- [TASK INPUTS]
# # #
lemma has_real_derivative_of_L2_expansion:
  fixes U :: "real \<Rightarrow> 'a \<Rightarrow> real" and F :: "real \<Rightarrow> real"
  assumes der: "has_L2_derivative \<nu> U t d" and "memL2 \<nu> (U t)" "B \<ge> 0" "K \<ge> 0"
    and expansion: "\<forall>\<^sub>F h in at 0. memL2 \<nu> (U (t + h)) \<and>
      \<bar>F (t + h) - F t - h * D\<bar> \<le> B * l2norm \<nu> (\<lambda>x. U (t + h) x - U t x - h * d x)
        + K * (l2norm \<nu> (\<lambda>x. U (t + h) x - U t x))\<^sup>2"
  shows "(F has_real_derivative D) (at t)"
proof -
  have "memL2 \<nu> d"
    using der by (simp add: has_L2_derivative_def)
  define r where "r h = l2norm \<nu> (\<lambda>x. (U (t + h) x - U t x) / h - d x)" for h
  have "(r \<longlongrightarrow> 0) (at 0)"
    using der by (simp add: has_L2_derivative_def r_def[abs_def])
  then have lim: "((\<lambda>h. B * r h + K * \<bar>h\<bar> * (r h + l2norm \<nu> d)\<^sup>2) \<longlongrightarrow> 0) (at 0)"
    by (auto intro!: tendsto_eq_intros)
  have "\<forall>\<^sub>F h in at 0. norm ((F (t + h) - F t) / h - D) \<le> B * r h + K * \<bar>h\<bar> * (r h + l2norm \<nu> d)\<^sup>2"
    using expansion eventually_neq_at_within[of 0 0 UNIV]
  proof eventually_elim
    case (elim h)
    then have "h \<noteq> 0" and Uh: "memL2 \<nu> (U (t + h))"
      by auto
    have e: "l2norm \<nu> (\<lambda>x. U (t + h) x - U t x - h * d x) = \<bar>h\<bar> * r h"
      using l2norm_remainder_eq[OF \<open>h \<noteq> 0\<close>] by (simp add: r_def)
    have "l2norm \<nu> (\<lambda>x. U (t + h) x - U t x) \<le> \<bar>h\<bar> * (r h + l2norm \<nu> d)"
      using l2norm_increment_le[OF \<open>memL2 \<nu> (U t)\<close> Uh \<open>memL2 \<nu> d\<close> \<open>h \<noteq> 0\<close>] by (simp add: r_def)
    then have "(l2norm \<nu> (\<lambda>x. U (t + h) x - U t x))\<^sup>2 \<le> (\<bar>h\<bar> * (r h + l2norm \<nu> d))\<^sup>2"
      by (intro power_mono) (simp_all add: l2norm_nonneg)
    then have k: "K * (l2norm \<nu> (\<lambda>x. U (t + h) x - U t x))\<^sup>2 \<le> K * (h\<^sup>2 * (r h + l2norm \<nu> d)\<^sup>2)"
      using \<open>K \<ge> 0\<close> by (simp add: mult_left_mono power_mult_distrib)
    have "norm ((F (t + h) - F t) / h - D) = \<bar>F (t + h) - F t - h * D\<bar> / \<bar>h\<bar>"
      using \<open>h \<noteq> 0\<close> by (simp add: field_simps)
    also have "\<dots> \<le> (B * (\<bar>h\<bar> * r h) + K * (h\<^sup>2 * (r h + l2norm \<nu> d)\<^sup>2)) / \<bar>h\<bar>"
    proof (rule divide_right_mono)
      show "\<bar>F (t + h) - F t - h * D\<bar> \<le> B * (\<bar>h\<bar> * r h) + K * (h\<^sup>2 * (r h + l2norm \<nu> d)\<^sup>2)"
        using elim k unfolding e by linarith
    qed simp
    also have "\<dots> = B * r h + K * \<bar>h\<bar> * (r h + l2norm \<nu> d)\<^sup>2"
      using \<open>h \<noteq> 0\<close> by (simp add: field_simps power2_eq_square abs_mult_self_eq)
    finally show ?case .
  qed
  then have "((\<lambda>h. (F (t + h) - F t) / h - D) \<longlongrightarrow> 0) (at 0)"
    by (rule Lim_null_comparison[OF _ lim])
  then show ?thesis
    unfolding DERIV_def by (simp add: LIM_zero_iff)
qed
# # #
- [YOUR ASSIGNMENT] Please give an exact copy of the lines above, beginning with the line containing "using l2norm_remainder_eq[OF \<open>h" and running through the line containing "using l2norm_increment_le[OF \<open>memL2", and of no other lines.

- [EXERCISE RESULT]
      using l2norm_remainder_eq[OF \<open>h \<noteq> 0\<close>] by (simp add: r_def)
    have "l2norm \<nu> (\<lambda>x. U (t + h) x - U t x) \<le> \<bar>h\<bar> * (r h + l2norm \<nu> d)"
      using l2norm_increment_le[OF \<open>memL2 \<nu> (U t)\<close> Uh \<open>memL2 \<nu> d\<close> \<open>h \<noteq> 0\<close>] by (simp add: r_def)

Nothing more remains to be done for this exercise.